He drank and they talked and nothing that they said meant anything at all. It was the same as before, always the same. He wanted to marry her and she didn't want to marry him. He wanted to kiss her and she didn't want to kiss him. But she let him kiss her and it wasn't until he began to paw her that she resisted.

"No, Frank," she said.

"Please!"

She tried to twist away from him. "No, Frank. No. Let's be sensible."

He pressed her tightly against him and one of his hands moved up and down her back, lingering at the spot where her bra cut into her flesh.

"Who wants to be sensible?" he demanded. "Besides, the way you've been acting isn't sense."

"Don't, Frank."

He kissed her mouth, her face, her neck and he would have kissed her lower if she had let him.

"I won't see you for a long time, Peggy. You know that. A long, long time."

"We can write."

"Write? What's the good of writing? You can't get any charge out of reading a letter."

"Frank—"

"Hell, I mean it." His tone was almost brutal. "Either you're kidding yourself or I'm being kidded and somebody is getting taken in."

"Frank—"

"You're no baby. You're almost nineteen and you know what it's all about. A guy goes with a girl and if he's a normal guy he looks for a little more than just a kiss or —well, you know. A guy wants the real thing from a girl, the real thing. And a girl, if she's normal, she wants him to have it."

Normal!
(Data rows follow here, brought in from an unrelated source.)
(* Let $X$ be a $T_1$ space. For open $U,V\subseteq X$ let $\mathrm{Homeo}^l_X(U,V)$ be the set of local homeomorphisms $U\to V$; with composition of maps and the inclusion maps $U\hookrightarrow V$ for $U\subseteq V$, this is a small category containing $X_{top}$ as a subcategory. Then $\mathrm{Homeo}^l_X$ is a pseudogroup sheaf on $X$.
   Context: $X_{top}$ denotes the set of open subsets of $X$, regarded as a category with exactly one morphism $U\to V$ iff $U\subseteq V$. Let $\mathcal C$ be a small category with $\mathrm{Ob}(\mathcal C)=X_{top}$ containing $X_{top}$ as a subcategory (identity on objects). For each open $V$, $\mathcal C(-,V)$ is a presheaf of sets on $X$ (restriction along $U'\subseteq U$ = precomposition with the inclusion morphism). For $x\in X$ let $\mathcal C_x(V)=\operatorname{colim}_{U\ni x}\mathcal C(U,V)$ (germ of $f\in\mathcal C(U,V)$ at $x$ written $f_x$); postcomposition with inclusions makes this functorial in $V$, and for $y\in X$ let $\mathcal C_x^y=\lim_{V\ni y}\mathcal C_x(V)$ (limit over open neighbourhoods of $y$), with projections $\mathcal C_x^y\to\mathcal C_x(V)$. Composition in $\mathcal C$ induces $\mathcal C_y^z\times\mathcal C_x^y\to\mathcal C_x^z$: given $\varphi\in\mathcal C_x^y,\psi\in\mathcal C_y^z$ and open $W\ni z$, choose $g\in\mathcal C(V,W)$, $y\in V$, representing the component $\psi_W$, and $f\in\mathcal C(U,V)$ representing $\varphi_V$; the $W$-component of $\psi\circ\varphi$ is $(g\circ f)_x$. This defines a category $\mathcal C^\star$ with objects the points of $X$ and $\mathcal C^\star(x,y)=\mathcal C_x^y$. For $X$ a $T_1$ space, a pre-pseudogroup on $X$ is such a $\mathcal C$ satisfying: (1) $\mathrm{Ob}(\mathcal C)=\mathrm{Ob}(X_{top})$; (2) for every open $V$ and $x\in X$, the map $\coprod_{y\in V}\mathcal C_x^y\to\mathcal C_x(V)$ induced by the projections is a bijection; (3) $\mathcal C^\star$ is a groupoid. A pseudogroup sheaf on $X$ is a pre-pseudogroup such that moreover (4) each presheaf $\mathcal C(-,V)$ is a sheaf. *)

theory Defs
  imports "HOL-Analysis.Analysis"
begin

text \<open>A "small category with objects the open sets of X, containing X_top as a
subcategory" is represented by: hom-sets indexed by pairs of sets, composition
cmp U V W g f (for f : U -> V, g : V -> W), and the inclusion morphisms incl U V.\<close>

record ('a, 'm) opcat =
  hom  :: "'a set \<Rightarrow> 'a set \<Rightarrow> 'm set"
  cmp  :: "'a set \<Rightarrow> 'a set \<Rightarrow> 'a set \<Rightarrow> 'm \<Rightarrow> 'm \<Rightarrow> 'm"
  incl :: "'a set \<Rightarrow> 'a set \<Rightarrow> 'm"

definition cat_over :: "'a topology \<Rightarrow> ('a, 'm) opcat \<Rightarrow> bool" where
  "cat_over X C \<longleftrightarrow>
     (\<forall>U V f. f \<in> hom C U V \<longrightarrow> openin X U \<and> openin X V) \<and>
     (\<forall>U V W f g. f \<in> hom C U V \<longrightarrow> g \<in> hom C V W \<longrightarrow> cmp C U V W g f \<in> hom C U W) \<and>
     (\<forall>U V W Z f g h. f \<in> hom C U V \<longrightarrow> g \<in> hom C V W \<longrightarrow> h \<in> hom C W Z \<longrightarrow>
        cmp C U W Z h (cmp C U V W g f) = cmp C U V Z (cmp C V W Z h g) f) \<and>
     (\<forall>U V f. f \<in> hom C U V \<longrightarrow>
        cmp C U U V f (incl C U U) = f \<and> cmp C U V V (incl C V V) f = f) \<and>
     (\<forall>U V. openin X U \<and> openin X V \<and> U \<subseteq> V \<longrightarrow> incl C U V \<in> hom C U V) \<and>
     (\<forall>U V W. openin X U \<and> openin X V \<and> openin X W \<and> U \<subseteq> V \<and> V \<subseteq> W \<longrightarrow>
        cmp C U V W (incl C V W) (incl C U V) = incl C U W)"

definition germ_dom :: "'a topology \<Rightarrow> ('a, 'm) opcat \<Rightarrow> 'a \<Rightarrow> 'a set \<Rightarrow> ('a set \<times> 'm) set" where
  "germ_dom X C x V = {(U, f). openin X U \<and> x \<in> U \<and> f \<in> hom C U V}"

definition germ_rel :: "'a topology \<Rightarrow> ('a, 'm) opcat \<Rightarrow> 'a \<Rightarrow> 'a set \<Rightarrow> (('a set \<times> 'm) \<times> ('a set \<times> 'm)) set" where
  "germ_rel X C x V = {((U, f), (U', f')).
      (U, f) \<in> germ_dom X C x V \<and> (U', f') \<in> germ_dom X C x V \<and>
      (\<exists>W. openin X W \<and> x \<in> W \<and> W \<subseteq> U \<inter> U' \<and>
           cmp C W U V f (incl C W U) = cmp C W U' V f' (incl C W U'))}"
How many times had she heard that from Frank, from her father? And how many times had she asked herself, blindly and helplessly, the same thing? Not once but a thousand times this question had pounded at her brain, numbing her body, making her cold all over.

When she looked at a man she saw nothing but ugliness. But when Peggy looked at a girl, a girl fresh and I young, she saw all of the beauty in the world. She knew that it wasn't right, not right at all, but there wasn't anything she could do about the way she felt. Perhaps after she got away from home, away from those she knew, she would find herself. Perhaps.

"Don't," she whispered as he tried to put his hand inside her dress. "Don't, Frank!"

"You let me once."

"That was a mistake." She had wanted to that night, wanted to prove something to herself, and then she had become afraid. "Don't, Frank. Don't."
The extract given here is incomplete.